Esta creencia sostiene que es difícil que alguien ‘asegurado’ sea víctima de una bala: “Es peligroso que el enemigo sepa que uno tiene el ‘Niño en cruz’, porque puede marcar la bala con una cruz, ahí sí le puede hacer daño. La única contra que hay es marcar la bala, el garrote o la navaja con una cruz. Yo conozco la historia de un ratero que se pudrió por dentro porque no podía morir, pero entonces vino un hermano mío, le llevó un sacerdote, él se confesó y le pidió perdón a Dios y pudo descansar en paz, porque en verdad que por bala no muere, a él le dieron como 15 balazos y él no moría, olía horrible. Él hacía sus robos y no lo veían, se metía en las casas, pero pagó porque él lo usó para el mal. Todo tiene un precio, todo en la vida se paga, él murió en su ley”.
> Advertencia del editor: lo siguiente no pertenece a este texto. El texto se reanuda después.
definition loewner_between :: "real \<Rightarrow> real \<Rightarrow> real^'n^'n \<Rightarrow> bool" where
  "loewner_between l L A \<longleftrightarrow> sym_mat A \<and>
     (\<forall>\<xi>::real^'n. l * (\<xi> \<bullet> \<xi>) \<le> \<xi> \<bullet> (A *v \<xi>) \<and> \<xi> \<bullet> (A *v \<xi>) \<le> L * (\<xi> \<bullet> \<xi>))"

definition pucci_max :: "real \<Rightarrow> real \<Rightarrow> real^'n^'n \<Rightarrow> real" where
  "pucci_max l L M = (SUP A\<in>{A. loewner_between l L A}. - trace (A ** M))"

definition C2_with :: "(real^'n \<Rightarrow> real) \<Rightarrow> (real^'n \<Rightarrow> real^'n) \<Rightarrow> (real^'n \<Rightarrow> real^'n^'n) \<Rightarrow> bool" where
  "C2_with \<phi> g H \<longleftrightarrow>
     (\<forall>x. (\<phi> has_derivative (\<lambda>h. g x \<bullet> h)) (at x)) \<and>
     (\<forall>x. (g has_derivative (\<lambda>h. H x *v h)) (at x)) \<and>
     continuous_on UNIV H"

definition lsc :: "(real^'n \<Rightarrow> real) \<Rightarrow> bool" where
  "lsc u \<longleftrightarrow> (\<forall>x. \<forall>t < u x. \<forall>\<^sub>F y in at x. t < u y)"

text \<open>Viscosity solution (supersolution sense) of M^+(D^2 u) >= u^q in R^N.\<close>
definition visc_pucci_ineq :: "real \<Rightarrow> real \<Rightarrow> real \<Rightarrow> (real^'n \<Rightarrow> real) \<Rightarrow> bool" where
  "visc_pucci_ineq l L q u \<longleftrightarrow> lsc u \<and>
     (\<forall>x0 \<phi> g H. C2_with \<phi> g H \<and>
        (\<exists>e>0. \<forall>y\<in>ball x0 e. u y - \<phi> y \<ge> u x0 - \<phi> x0) \<longrightarrow>
        pucci_max l L (H x0) - u x0 powr q \<ge> 0)"

end

theory Submission
  imports Defs
begin

text \<open>Write \<open>m(R)\<close> for the infimum of \<open>u\<close> on the closed ball of radius \<open>R\<close> and \<open>k = N\<Lambda>/\<lambda>\<close>.
  Comparison with the paraboloid \<open>m(R)\<^sup>q (R\<^sup>2 - |x|\<^sup>2) / (4N\<Lambda>)\<close>, whose Pucci operator is
  below \<open>m(R)\<^sup>q\<close>, gives \<open>m(R/2) \<ge> c R\<^sup>2 m(R)\<^sup>q\<close>. Comparison on an annulus with the barrier
  \<open>(\<rho>\<^sup>2 + |x|\<^sup>2)\<^sup>-\<^sup>k\<close>, whose Pucci operator is negative for \<open>|x| > \<rho>\<close>, gives the
  weak Harnack-type bound \<open>m(2\<rho>) \<ge> (2/5)\<^sup>k m(\<rho>)\<close>. Together \<open>m(R) \<ge> c' R\<^sup>2 m(R)\<^sup>q\<close>,
  i.e. \<open>m(R)\<^sup>q\<^sup>-\<^sup>1 \<le> R\<^sup>-\<^sup>2/c'\<close>. This barrier works in every dimension.\<close>

text \<open>The Hessian of \<open>f(|x|\<^sup>2)\<close> is \<open>2f'(|x|\<^sup>2) I + 4f''(|x|\<^sup>2) x x\<^sup>T\<close>.\<close>

definition radial_matrix :: "real \<Rightarrow> real \<Rightarrow> real^'n \<Rightarrow> real^'n^'n" where
  "radial_matrix a b x = a *\<^sub>R mat 1 + b *\<^sub>R (\<chi> i j. x$i * x$j)"

lemma outer_mult_vec: "(\<chi> i j. x$i * x$j) *v h = (x \<bullet> h) *\<^sub>R (x :: real^'n)"
  by (simp add: vec_eq_iff matrix_vector_mult_def inner_vec_def sum_distrib_left algebra_simps)

lemma radial_matrix_mult_vec:
  "radial_matrix a b x *v h = a *\<^sub>R h + (b * (x \<bullet> h)) *\<^sub>R x"
  by (simp add: radial_matrix_def matrix_vector_mult_add_rdistrib scaleR_matrix_vector_assoc[symmetric] outer_mult_vec)

lemma trace_scaleR: "trace (c *\<^sub>R A) = c * trace (A :: real^'n^'n)"
  by (simp add: trace_def sum_distrib_left)

lemma trace_mult_outer: "trace (A ** (\<chi> i j. x$i * x$j)) = x \<bullet> (A *v x)"
  by (simp add: trace_def matrix_matrix_mult_def inner_vec_def matrix_vector_mult_def sum_distrib_left mult_ac)

lemma trace_mult_radial_matrix:
  "trace (A ** radial_matrix a b x) = a * trace A + b * (x \<bullet> (A *v x))"
  by (simp add: radial_matrix_def matrix_add_ldistrib matrix_scalar_ac scaleR_matrix_vector_assoc[symmetric] trace_add trace_scaleR trace_mult_outer)

lemma loewner_between_mat:
  assumes "l \<le> L"
  shows "loewner_between l L (mat l :: real^'n^'n)"
proof -
  have "mat l = l *\<^sub>R (mat 1 :: real^'n^'n)"
    by (simp add: vec_eq_iff mat_def)
  then have "mat l *v \<xi> = l *\<^sub>R \<xi>" for \<xi> :: "real^'n"
    by (metis matrix_vector_mul_lid scaleR_matrix_vector_assoc)
  then show ?thesis
    using assms by (auto simp: loewner_between_def sym_mat_def mult_right_mono)
qed

lemma loewner_between_diag_le:
  assumes "loewner_between l L A"
  shows "A$i$i \<le> L"
  using assms[unfolded loewner_between_def, THEN conjunct2, rule_format, of "axis i 1"]
  by (simp add: inner_axis' matrix_vector_mult_basis column_def inner_axis_axis)

lemma loewner_between_trace_le:
  assumes "loewner_between l L (A :: real^'n^'n)"
  shows "trace A \<le> real CARD('n) * L"
  using sum_bounded_above[of UNIV "\<lambda>i. A$i$i" L] loewner_between_diag_le[OF assms]
  by (simp add: trace_def)

lemma pucci_max_radial_matrix_le:
  fixes x :: "real^'n"
  assumes "l \<le> L" "a \<le> 0" "b \<ge> 0"
  shows "pucci_max l L (radial_matrix a b x) \<le> - a * real CARD('n) * L - b * l * (x \<bullet> x)"
  unfolding pucci_max_def
proof (rule cSUP_least)
  show "{A :: real^'n^'n. loewner_between l L A} \<noteq> {}"
    using loewner_between_mat[OF assms(1)] by blast
next
  fix A :: "real^'n^'n" assume "A \<in> {A. loewner_between l L A}"
  then have A: "loewner_between l L A" by simp
  have "- a * trace A \<le> - a * (real CARD('n) * L)"
    using loewner_between_trace_le[OF A] assms(2) by (intro mult_left_mono) auto
  moreover have "b * (l * (x \<bullet> x)) \<le> b * (x \<bullet> (A *v x))"
    using A assms(3) by (intro mult_left_mono) (auto simp: loewner_between_def)
  ultimately show "- trace (A ** radial_matrix a b x) \<le> - a * real CARD('n) * L - b * l * (x \<bullet> x)"
    by (simp add: trace_mult_radial_matrix algebra_simps)
qed

lemma continuous_on_radial_matrix:
  assumes "continuous_on S a" "continuous_on S b" "continuous_on S x"
  shows "continuous_on S (\<lambda>y. radial_matrix (a y) (b y) (x y) :: real^'n^'n)"
  unfolding radial_matrix_def
  by (intro continuous_intros continuous_on_vec_lambda continuous_on_component assms)

lemma C2_with_comp_inner_self:
  fixes f f' f'' :: "real \<Rightarrow> real"
  assumes f: "\<And>s. s \<ge> 0 \<Longrightarrow> (f has_real_derivative f' s) (at s)"
    and f': "\<And>s. s \<ge> 0 \<Longrightarrow> (f' has_real_derivative f'' s) (at s)"
    and f'': "continuous_on {0..} f''"
  shows "C2_with (\<lambda>x::real^'n. f (x \<bullet> x)) (\<lambda>x. (2 * f' (x \<bullet> x)) *\<^sub>R x)
           (\<lambda>x. radial_matrix (2 * f' (x \<bullet> x)) (4 * f'' (x \<bullet> x)) x)"
  unfolding C2_with_def
proof (intro conjI allI)
  fix x :: "real^'n"
  show "((\<lambda>x. f (x \<bullet> x)) has_derivative (\<lambda>h. ((2 * f' (x \<bullet> x)) *\<^sub>R x) \<bullet> h)) (at x)"
    by (rule DERIV_compose_FDERIV[OF f, THEN has_derivative_eq_rhs])
       (auto intro!: derivative_eq_intros simp: inner_commute)
  show "((\<lambda>x. (2 * f' (x \<bullet> x)) *\<^sub>R x) has_derivative (\<lambda>h. radial_matrix (2 * f' (x \<bullet> x)) (4 * f'' (x \<bullet> x)) x *v h)) (at x)"
  proof -
    have "((\<lambda>x. f' (x \<bullet> x)) has_derivative (\<lambda>h. (h \<bullet> x + x \<bullet> h) * f'' (x \<bullet> x))) (at x)"
      by (rule DERIV_compose_FDERIV[OF f']) (auto intro!: derivative_eq_intros)
    then have "((\<lambda>x. (2 * f' (x \<bullet> x)) *\<^sub>R x) has_derivative
        (\<lambda>h. (2 * f' (x \<bullet> x)) *\<^sub>R h + (2 * ((h \<bullet> x + x \<bullet> h) * f'' (x \<bullet> x))) *\<^sub>R x)) (at x)"
      by (auto intro!: derivative_eq_intros)
    then show ?thesis
      by (rule has_derivative_eq_rhs) (simp add: fun_eq_iff radial_matrix_mult_vec inner_commute algebra_simps)
  qed
next
  have "continuous_on {0..} f'"
    using f' by (intro continuous_at_imp_continuous_on) (auto intro: DERIV_isCont)
  moreover have "continuous_on UNIV (\<lambda>x::real^'n. x \<bullet> x)" "range (\<lambda>x::real^'n. x \<bullet> x) \<subseteq> {0..}"
    by (auto intro: continuous_intros)
  ultimately have "continuous_on UNIV (\<lambda>x::real^'n. f' (x \<bullet> x))"
    and "continuous_on UNIV (\<lambda>x::real^'n. f'' (x \<bullet> x))"
    using f'' continuous_on_compose2 by blast+
  then show "continuous_on UNIV (\<lambda>x::real^'n. radial_matrix (2 * f' (x \<bullet> x)) (4 * f'' (x \<bullet> x)) x)"
    by (intro continuous_on_radial_matrix continuous_on_mult continuous_on_const continuous_on_id)
qed

lemma lsc_diff_continuous:
  assumes "lsc u" "continuous_on UNIV w"
  shows "lsc (\<lambda>x. u x - w x)"
  unfolding lsc_def
proof (intro allI impI)
  fix x t assume t: "t < u x - w x"
  define e where "e = (u x - w x - t) / 2"
  have e: "e > 0" using t by (simp add: e_def)
  have "\<forall>\<^sub>F y in at x. u x - e < u y"
    using assms(1) e unfolding lsc_def by auto
  moreover have "\<forall>\<^sub>F y in at x. dist (w y) (w x) < e"
    using assms(2) e by (intro tendstoD) (auto simp: continuous_on_eq_continuous_at isCont_def)
  ultimately show "\<forall>\<^sub>F y in at x. t < u y - w y"
  proof eventually_elim
    case (elim y)
    then have "w y < w x + e" by (simp add: dist_real_def abs_less_iff)
    with elim(1) show ?case by (simp add: e_def field_simps)
  qed
qed

lemma lsc_attains_min:
  fixes f :: "'a::metric_space \<Rightarrow> real"
  assumes lsc: "\<forall>x. \<forall>t<f x. \<forall>\<^sub>F y in at x. t < f y" and "compact S" "S \<noteq> {}"
  shows "\<exists>x\<in>S. \<forall>y\<in>S. f x \<le> f y"
proof (rule ccontr)
  assume "\<not> ?thesis"
  then obtain g where g: "\<forall>x\<in>S. g x \<in> S \<and> f (g x) < f x"
    by (metis not_le)
  have "\<exists>d>0. \<forall>z. dist z x < d \<longrightarrow> f (g x) < f z" if "x \<in> S" for x
  proof -
    have "\<forall>\<^sub>F y in at x. f (g x) < f y" using lsc g that by blast
    then obtain d where "d > 0" "\<forall>z. z \<noteq> x \<and> dist z x < d \<longrightarrow> f (g x) < f z"
      unfolding eventually_at by auto
    then show ?thesis using g that by metis
  qed
  then obtain d where d: "\<forall>x\<in>S. d x > 0 \<and> (\<forall>z. dist z x < d x \<longrightarrow> f (g x) < f z)"
    by metis
  then obtain C where C: "C \<subseteq> S" "finite C" "S \<subseteq> (\<Union>x\<in>C. ball x (d x))"
    using compactE_image[OF assms(2), of S "\<lambda>x. ball x (d x)"] by force
  then have "C \<noteq> {}" using assms(3) by auto
  then have "Min (f ` g ` C) \<in> f ` g ` C"
    using C(2) by (intro Min_in) auto
  then obtain x0 where x0: "x0 \<in> C" "f (g x0) = Min (f ` g ` C)"
    by auto
  then obtain x where x: "x \<in> C" "dist (g x0) x < d x"
    using C g by (force simp: dist_commute)
  then have "f (g x) < f (g x0)"
    using C d by auto
  moreover have "f (g x0) \<le> f (g x)"
    unfolding x0(2) using C(2) x(1) by (intro Min_le) auto
  ultimately show False by simp
qed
Finalmente, ambas Marías convergen en el peligro al que se expone una persona al solicitar los servicios de un brujo; lo más curioso es que las siguientes palabras salgan de María Uribe, quien se dedica a este tipo de prácticas esotéricas.
“También la persona que acude a un enviado o iluminado debe tener mucho tacto, mucho cuidado, porque hay muchas personas que pactan con el señor de abajo… inclusive hay personas que con la lectura de cartas pactan a la persona”.
Fantasía o no, el ‘Niño en cruz’ goza de un ritual cargado de una simbología rica y coherente, que hace parte de las tradiciones populares del Caribe y captura la atención de todo tipo de mentes.